Top of GIVEN RECORDS
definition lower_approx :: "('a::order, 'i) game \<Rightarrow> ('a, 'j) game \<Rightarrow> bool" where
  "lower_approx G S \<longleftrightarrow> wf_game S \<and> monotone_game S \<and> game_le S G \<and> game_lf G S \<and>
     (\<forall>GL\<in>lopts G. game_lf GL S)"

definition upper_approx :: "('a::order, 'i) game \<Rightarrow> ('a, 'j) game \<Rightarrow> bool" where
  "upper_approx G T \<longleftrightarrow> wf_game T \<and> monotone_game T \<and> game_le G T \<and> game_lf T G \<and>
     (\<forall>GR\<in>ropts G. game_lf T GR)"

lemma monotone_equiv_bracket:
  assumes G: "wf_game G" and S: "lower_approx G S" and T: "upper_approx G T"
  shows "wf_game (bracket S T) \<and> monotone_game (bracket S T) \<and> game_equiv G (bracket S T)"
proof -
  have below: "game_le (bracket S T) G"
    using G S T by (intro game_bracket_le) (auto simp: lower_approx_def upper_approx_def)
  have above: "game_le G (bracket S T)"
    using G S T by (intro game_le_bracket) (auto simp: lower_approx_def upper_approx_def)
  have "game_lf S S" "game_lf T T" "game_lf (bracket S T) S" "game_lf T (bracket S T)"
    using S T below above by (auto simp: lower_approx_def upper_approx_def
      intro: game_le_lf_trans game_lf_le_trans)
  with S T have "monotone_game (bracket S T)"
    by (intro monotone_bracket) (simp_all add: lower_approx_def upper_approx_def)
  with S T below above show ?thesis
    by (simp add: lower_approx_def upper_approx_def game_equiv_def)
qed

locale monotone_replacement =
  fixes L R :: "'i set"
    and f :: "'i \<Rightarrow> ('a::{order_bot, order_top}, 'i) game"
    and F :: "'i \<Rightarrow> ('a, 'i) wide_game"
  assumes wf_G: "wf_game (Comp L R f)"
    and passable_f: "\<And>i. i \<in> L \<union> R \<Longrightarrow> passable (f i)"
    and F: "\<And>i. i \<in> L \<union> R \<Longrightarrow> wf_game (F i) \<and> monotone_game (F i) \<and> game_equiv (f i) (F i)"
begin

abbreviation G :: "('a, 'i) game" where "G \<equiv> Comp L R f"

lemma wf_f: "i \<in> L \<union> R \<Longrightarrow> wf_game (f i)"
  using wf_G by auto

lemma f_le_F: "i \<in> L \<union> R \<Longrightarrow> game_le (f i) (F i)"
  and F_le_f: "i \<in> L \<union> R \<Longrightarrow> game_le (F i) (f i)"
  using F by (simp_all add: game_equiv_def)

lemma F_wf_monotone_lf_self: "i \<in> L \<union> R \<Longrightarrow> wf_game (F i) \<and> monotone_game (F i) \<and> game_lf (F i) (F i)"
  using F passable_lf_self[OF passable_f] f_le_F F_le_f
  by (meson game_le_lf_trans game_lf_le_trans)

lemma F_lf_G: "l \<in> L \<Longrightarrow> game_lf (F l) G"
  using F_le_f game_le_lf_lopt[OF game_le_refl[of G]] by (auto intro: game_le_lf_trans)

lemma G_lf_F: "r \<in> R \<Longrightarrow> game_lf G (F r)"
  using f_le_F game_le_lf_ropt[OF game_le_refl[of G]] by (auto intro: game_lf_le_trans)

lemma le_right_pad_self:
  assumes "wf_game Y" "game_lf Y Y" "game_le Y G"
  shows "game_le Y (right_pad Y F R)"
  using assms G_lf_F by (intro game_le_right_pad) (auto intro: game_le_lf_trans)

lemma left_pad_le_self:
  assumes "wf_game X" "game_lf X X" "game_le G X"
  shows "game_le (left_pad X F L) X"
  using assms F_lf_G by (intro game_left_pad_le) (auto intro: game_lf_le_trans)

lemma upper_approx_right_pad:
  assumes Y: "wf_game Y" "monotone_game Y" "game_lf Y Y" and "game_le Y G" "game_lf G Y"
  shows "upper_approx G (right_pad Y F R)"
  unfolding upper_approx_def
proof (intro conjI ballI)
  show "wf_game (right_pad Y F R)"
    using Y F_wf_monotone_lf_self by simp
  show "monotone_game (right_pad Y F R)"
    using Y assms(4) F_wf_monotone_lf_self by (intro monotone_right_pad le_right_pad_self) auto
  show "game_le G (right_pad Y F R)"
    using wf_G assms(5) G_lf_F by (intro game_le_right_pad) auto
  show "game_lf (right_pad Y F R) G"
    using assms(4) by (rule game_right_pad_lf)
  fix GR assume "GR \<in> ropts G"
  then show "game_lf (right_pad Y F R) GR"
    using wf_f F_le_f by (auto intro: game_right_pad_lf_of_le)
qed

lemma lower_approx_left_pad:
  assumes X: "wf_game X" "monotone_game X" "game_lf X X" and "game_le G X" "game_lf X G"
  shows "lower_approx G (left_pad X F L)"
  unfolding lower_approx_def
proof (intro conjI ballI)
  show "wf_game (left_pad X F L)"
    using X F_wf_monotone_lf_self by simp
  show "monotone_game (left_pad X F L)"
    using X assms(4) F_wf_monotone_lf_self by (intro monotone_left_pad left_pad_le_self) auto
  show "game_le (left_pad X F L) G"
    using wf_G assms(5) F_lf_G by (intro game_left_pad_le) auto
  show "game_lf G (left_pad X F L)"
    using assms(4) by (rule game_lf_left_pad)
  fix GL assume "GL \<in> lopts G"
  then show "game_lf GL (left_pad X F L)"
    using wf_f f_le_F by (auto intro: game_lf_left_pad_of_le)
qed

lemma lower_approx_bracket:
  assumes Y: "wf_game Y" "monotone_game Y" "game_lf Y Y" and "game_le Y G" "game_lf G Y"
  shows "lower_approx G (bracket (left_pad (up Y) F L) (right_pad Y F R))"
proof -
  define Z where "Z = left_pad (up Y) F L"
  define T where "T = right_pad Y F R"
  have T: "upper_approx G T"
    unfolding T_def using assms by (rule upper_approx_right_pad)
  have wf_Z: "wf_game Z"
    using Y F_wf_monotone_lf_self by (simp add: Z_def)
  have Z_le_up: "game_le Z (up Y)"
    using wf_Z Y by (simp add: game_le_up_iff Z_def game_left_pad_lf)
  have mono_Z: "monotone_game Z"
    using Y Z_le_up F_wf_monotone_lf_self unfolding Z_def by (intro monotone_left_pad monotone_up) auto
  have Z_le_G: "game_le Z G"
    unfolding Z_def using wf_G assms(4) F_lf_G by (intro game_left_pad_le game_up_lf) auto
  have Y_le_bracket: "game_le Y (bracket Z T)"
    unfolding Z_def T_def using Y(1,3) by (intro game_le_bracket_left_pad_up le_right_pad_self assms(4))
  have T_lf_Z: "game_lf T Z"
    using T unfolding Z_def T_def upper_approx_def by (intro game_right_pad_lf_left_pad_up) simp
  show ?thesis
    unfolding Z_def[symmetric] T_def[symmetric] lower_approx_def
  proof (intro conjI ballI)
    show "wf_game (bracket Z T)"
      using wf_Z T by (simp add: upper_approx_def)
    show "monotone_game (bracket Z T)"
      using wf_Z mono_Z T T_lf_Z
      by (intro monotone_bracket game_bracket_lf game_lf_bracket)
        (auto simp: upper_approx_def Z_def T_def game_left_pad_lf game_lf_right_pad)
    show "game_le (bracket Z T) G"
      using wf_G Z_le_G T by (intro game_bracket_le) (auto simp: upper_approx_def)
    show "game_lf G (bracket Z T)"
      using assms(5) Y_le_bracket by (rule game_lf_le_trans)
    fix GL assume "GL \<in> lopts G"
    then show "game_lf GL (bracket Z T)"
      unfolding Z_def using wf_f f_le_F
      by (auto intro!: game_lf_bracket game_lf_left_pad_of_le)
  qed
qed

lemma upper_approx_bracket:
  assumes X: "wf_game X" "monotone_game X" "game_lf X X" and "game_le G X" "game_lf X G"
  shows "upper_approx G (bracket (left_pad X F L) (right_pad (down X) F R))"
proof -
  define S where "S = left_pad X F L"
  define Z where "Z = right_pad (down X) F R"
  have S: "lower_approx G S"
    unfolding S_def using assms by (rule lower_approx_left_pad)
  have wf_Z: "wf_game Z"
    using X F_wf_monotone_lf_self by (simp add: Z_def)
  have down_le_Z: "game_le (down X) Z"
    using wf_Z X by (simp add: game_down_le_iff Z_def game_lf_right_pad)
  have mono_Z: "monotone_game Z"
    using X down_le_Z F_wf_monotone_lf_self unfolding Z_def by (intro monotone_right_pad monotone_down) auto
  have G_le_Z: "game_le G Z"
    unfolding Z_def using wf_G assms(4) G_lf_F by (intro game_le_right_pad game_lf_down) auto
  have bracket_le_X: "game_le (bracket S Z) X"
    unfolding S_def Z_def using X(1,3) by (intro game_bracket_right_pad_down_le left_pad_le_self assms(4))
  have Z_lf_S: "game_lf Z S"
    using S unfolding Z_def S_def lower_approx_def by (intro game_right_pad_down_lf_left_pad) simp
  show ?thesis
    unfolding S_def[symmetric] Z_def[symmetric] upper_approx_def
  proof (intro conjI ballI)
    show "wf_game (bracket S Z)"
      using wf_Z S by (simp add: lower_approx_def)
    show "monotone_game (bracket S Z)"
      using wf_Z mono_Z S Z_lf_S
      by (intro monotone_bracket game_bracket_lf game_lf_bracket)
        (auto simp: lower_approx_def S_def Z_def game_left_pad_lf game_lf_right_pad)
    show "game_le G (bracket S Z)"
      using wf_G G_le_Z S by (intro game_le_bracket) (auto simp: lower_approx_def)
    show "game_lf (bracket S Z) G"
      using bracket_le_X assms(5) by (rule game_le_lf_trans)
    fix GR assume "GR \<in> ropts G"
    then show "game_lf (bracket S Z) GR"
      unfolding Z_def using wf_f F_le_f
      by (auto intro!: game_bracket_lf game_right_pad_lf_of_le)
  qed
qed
Bottom of GIVEN RECORDS
Please say how many lines in the records above contain the word "Comp". Give the number alone.

2